[[ Extracted information open ]]
(* Let $\mathcal A$ be a full adjunction implicative ordered combinatory algebra with underlying complete lattice $(A,\le)$, and let $\mathcal P_\bullet(A_\Pi)$ be computed in the associated abstract Krivine structure $\mathcal K_{\mathcal A\bullet}$ (where $\Pi=A$ and $s\perp\pi\iff s\le\pi$), ordered by $C\le C'\iff C\supseteq C'$. Define $\iota:A\to\mathcal P_\bullet(A_\Pi)$, $\iota(a)={\uparrow}a=\{x\in A:a\le x\}$, and $\rho:\mathcal P_\bullet(A_\Pi)\to A$, $\rho(C)=\inf C$. Then $\iota,\rho$ are monotone and form a Galois connection $\iota\dashv\rho$: for $a\in A$ and $C\in\mathcal P_\bullet(A_\Pi)$, $a\le\rho(C)\iff\iota(a)\supseteq C$. Moreover $\rho\circ\iota=\mathrm{id}_A$, and $\iota(\rho(C))\supseteq C$ for all $C\in\mathcal P_\bullet(A_\Pi)$.
   Context: A full adjunction implicative ordered combinatory algebra is an inf-complete poset $(A,\le)$ with application $ab$ monotone in both arguments, implication $a\to b$ antimonotone in the first and monotone in the second argument, elements $\mathsf k,\mathsf s$ with $\mathsf k ab\le a$, $\mathsf s abc\le ac(bc)$, such that $a\le b\to c\iff ab\le c$, and a subset $\Phi\subseteq A$ closed under application containing $\mathsf s,\mathsf k$. In $\mathcal K_{\mathcal A\bullet}$, $\Lambda=\Pi=A$ and $t\perp\pi$ iff $t\le\pi$. Polars: $L^\perp=\{\pi:\forall t\in L,\ t\le\pi\}$, ${}^\perp P=\{t:\forall\pi\in P,\ t\le\pi\}$; $\overline P=({}^\perp P)^\perp$; $\widehat P=\bigcup_{\pi\in P}\overline{\{\pi\}}$; $\mathcal P_\bullet(A_\Pi)=\{P\subseteq A:\widehat P=P\}$. *)

theory Defs
  imports Main
begin

definition full_adj_ioca ::
  "('a::complete_lattice \<Rightarrow> 'a \<Rightarrow> 'a) \<Rightarrow> ('a \<Rightarrow> 'a \<Rightarrow> 'a) \<Rightarrow> 'a \<Rightarrow> 'a \<Rightarrow> 'a set \<Rightarrow> bool"
where
  "full_adj_ioca app imp k s Phi \<longleftrightarrow>
     (\<forall>a a' b b'. a \<le> a' \<longrightarrow> b \<le> b' \<longrightarrow> app a b \<le> app a' b') \<and>
     (\<forall>a a' b b'. a' \<le> a \<longrightarrow> b \<le> b' \<longrightarrow> imp a b \<le> imp a' b') \<and>
     (\<forall>a b. app (app k a) b \<le> a) \<and>
     (\<forall>a b c. app (app (app s a) b) c \<le> app (app a c) (app b c)) \<and>
     (\<forall>a b c. a \<le> imp b c \<longleftrightarrow> app a b \<le> c) \<and>
     (\<forall>x\<in>Phi. \<forall>y\<in>Phi. app x y \<in> Phi) \<and> s \<in> Phi \<and> k \<in> Phi"

text \<open>Polars in the abstract Krivine structure K_{A bullet}:
Lambda = Pi = A, t \<perp> pi iff t \<le> pi.\<close>

definition polar_right :: "'a::order set \<Rightarrow> 'a set" where
  "polar_right L = {\<pi>. \<forall>t\<in>L. t \<le> \<pi>}"

definition polar_left :: "'a::order set \<Rightarrow> 'a set" where
  "polar_left P = {t. \<forall>\<pi>\<in>P. t \<le> \<pi>}"

definition bclosure :: "'a::order set \<Rightarrow> 'a set" where
  "bclosure P = polar_right (polar_left P)"

definition hatclosure :: "'a::order set \<Rightarrow> 'a set" where
  "hatclosure P = (\<Union>\<pi>\<in>P. bclosure {\<pi>})"

definition Pbullet :: "'a::order set set" where
  "Pbullet = {P. hatclosure P = P}"

definition iota :: "'a::order \<Rightarrow> 'a set" where
  "iota a = {x. a \<le> x}"

definition rho :: "'a::complete_lattice set \<Rightarrow> 'a" where
  "rho C = Inf C"

end

theory Submission
  imports Defs
begin

text \<open>With \<open>t \<perp> \<pi> \<longleftrightarrow> t \<le> \<pi>\<close>, the biorthogonal closure of a single
  pole \<open>\<pi>\<close> is its principal filter \<open>\<up>\<pi>\<close>, so \<open>\<P>\<^sub>\<bullet>(A\<^sub>\<Pi>)\<close> consists exactly
  of the upward closed subsets of \<open>A\<close>. The Galois connection is then the
  lattice fact \<open>a \<le> \<Sqinter>C \<longleftrightarrow> C \<subseteq> \<up>a\<close>.\<close>

lemma bclosure_singleton: "bclosure {p} = iota (p::'a::order)"
  unfolding bclosure_def polar_right_def polar_left_def iota_def
  by (auto intro: order_trans)

lemma hatclosure_eq_upset: "hatclosure P = {x::'a::order. \<exists>p\<in>P. p \<le> x}"
  unfolding hatclosure_def bclosure_singleton iota_def by auto

lemma Pbullet_iff_upward_closed:
  "P \<in> Pbullet \<longleftrightarrow> (\<forall>p\<in>P. \<forall>x::'a::order. p \<le> x \<longrightarrow> x \<in> P)"
  unfolding Pbullet_def hatclosure_eq_upset by blast

lemma iota_in_Pbullet: "iota (a::'a::order) \<in> Pbullet"
  unfolding Pbullet_iff_upward_closed iota_def by (auto intro: order_trans)

lemma iota_antimono: "a \<le> b \<Longrightarrow> iota b \<subseteq> iota (a::'a::order)"
  unfolding iota_def by (auto intro: order_trans)

lemma rho_antimono: "C' \<subseteq> C \<Longrightarrow> rho C \<le> rho C'"
  unfolding rho_def by (rule Inf_superset_mono)

lemma le_rho_iff_subset_iota: "a \<le> rho C \<longleftrightarrow> C \<subseteq> iota a"
  unfolding rho_def iota_def by (auto simp: le_Inf_iff)

lemma rho_iota: "rho (iota a) = a"
proof (rule antisym)
  show "rho (iota a) \<le> a" unfolding rho_def by (rule Inf_lower) (simp add: iota_def)
  show "a \<le> rho (iota a)" by (simp add: le_rho_iff_subset_iota)
qed

lemma subset_iota_rho: "C \<subseteq> iota (rho C)"
  using le_rho_iff_subset_iota by blast

theorem mainTheorem13:
  fixes app imp :: "'a::complete_lattice \<Rightarrow> 'a \<Rightarrow> 'a"
    and k s :: 'a and Phi :: "'a set"
  assumes "full_adj_ioca app imp k s Phi"
  shows "(\<forall>a::'a. iota a \<in> Pbullet)
    \<and> (\<forall>a b::'a. a \<le> b \<longrightarrow> iota a \<supseteq> iota b)
    \<and> (\<forall>C\<in>(Pbullet::'a set set). \<forall>C'\<in>Pbullet. C \<supseteq> C' \<longrightarrow> rho C \<le> rho C')
    \<and> (\<forall>a::'a. \<forall>C\<in>Pbullet. a \<le> rho C \<longleftrightarrow> iota a \<supseteq> C)
    \<and> (\<forall>a::'a. rho (iota a) = a)
    \<and> (\<forall>C\<in>(Pbullet::'a set set). iota (rho C) \<supseteq> C)"
proof (intro conjI ballI allI impI)
  show "iota a \<in> Pbullet" for a :: 'a by (rule iota_in_Pbullet)
  show "iota b \<subseteq> iota a" if "a \<le> b" for a b :: 'a using that by (rule iota_antimono)
  show "rho C \<le> rho C'" if "C' \<subseteq> C" for C C' :: "'a set" using that by (rule rho_antimono)
  show "a \<le> rho C \<longleftrightarrow> C \<subseteq> iota a" for a and C :: "'a set" by (rule le_rho_iff_subset_iota)
  show "rho (iota a) = a" for a :: 'a by (rule rho_iota)
  show "C \<subseteq> iota (rho C)" for C :: "'a set" by (rule subset_iota_rho)
qed

end
lemma conjugated_common_imp_commute:
  fixes g A B :: "'a::field fps"
  assumes "conjugated g A" "conjugated g B" and g: "g $ 0 = 0" and A: "A $ 0 = 0"
  obtains H where "H $ 0 = 0" "H $ 1 \<noteq> 0" "H oo A = B oo H"
proof -
  obtain h\<^sub>1 where h\<^sub>1: "h\<^sub>1 $ 0 = 0" "h\<^sub>1 $ 1 \<noteq> 0" and comm\<^sub>1: "A oo h\<^sub>1 = h\<^sub>1 oo g"
    using conjugated_imp_commute[OF assms(1) g] .
  obtain h\<^sub>2 where h\<^sub>2: "h\<^sub>2 $ 0 = 0" "h\<^sub>2 $ 1 \<noteq> 0" and comm\<^sub>2: "B oo h\<^sub>2 = h\<^sub>2 oo g"
    using conjugated_imp_commute[OF assms(2) g] .
  define H where "H = h\<^sub>2 oo fps_inv h\<^sub>1"
  have "(H oo A) oo h\<^sub>1 = H oo (h\<^sub>1 oo g)"
    using h\<^sub>1 A comm\<^sub>1 by (simp add: fps_compose_assoc[symmetric])
  also have "\<dots> = h\<^sub>2 oo ((fps_inv h\<^sub>1 oo h\<^sub>1) oo g)"
    using h\<^sub>1 g by (simp add: H_def fps_compose_assoc)
  also have "\<dots> = B oo (h\<^sub>2 oo (fps_inv h\<^sub>1 oo h\<^sub>1))"
    using fps_inv[OF h\<^sub>1] h\<^sub>2 g comm\<^sub>2 by simp
  also have "\<dots> = (B oo H) oo h\<^sub>1"
    using h\<^sub>1 h\<^sub>2 by (simp add: H_def fps_compose_assoc)
  finally have "H oo A = B oo H"
    using fps_compose_inj_right[OF h\<^sub>1] by blast
  moreover have "H $ 0 = 0" "H $ 1 \<noteq> 0"
    using h\<^sub>1(2) h\<^sub>2 fps_compose_nth_1[of "fps_inv h\<^sub>1" h\<^sub>2] fps_inv_nth_1[of h\<^sub>1] by (simp_all add: H_def)
  ultimately show ?thesis
    using that by blast
qed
[[ Extracted information closed ]]
◆ Prompt: In the records above, the line with "set set). iota" marks the start and the line with "by (rule le_rho_iff_subset_iota)" marks the end; copy that stretch exactly, both lines included, and nothing else.

◆ Exercise result:
    \<and> (\<forall>C\<in>(Pbullet::'a set set). iota (rho C) \<supseteq> C)"
proof (intro conjI ballI allI impI)
  show "iota a \<in> Pbullet" for a :: 'a by (rule iota_in_Pbullet)
  show "iota b \<subseteq> iota a" if "a \<le> b" for a b :: 'a using that by (rule iota_antimono)
  show "rho C \<le> rho C'" if "C' \<subseteq> C" for C C' :: "'a set" using that by (rule rho_antimono)
  show "a \<le> rho C \<longleftrightarrow> C \<subseteq> iota a" for a and C :: "'a set" by (rule le_rho_iff_subset_iota)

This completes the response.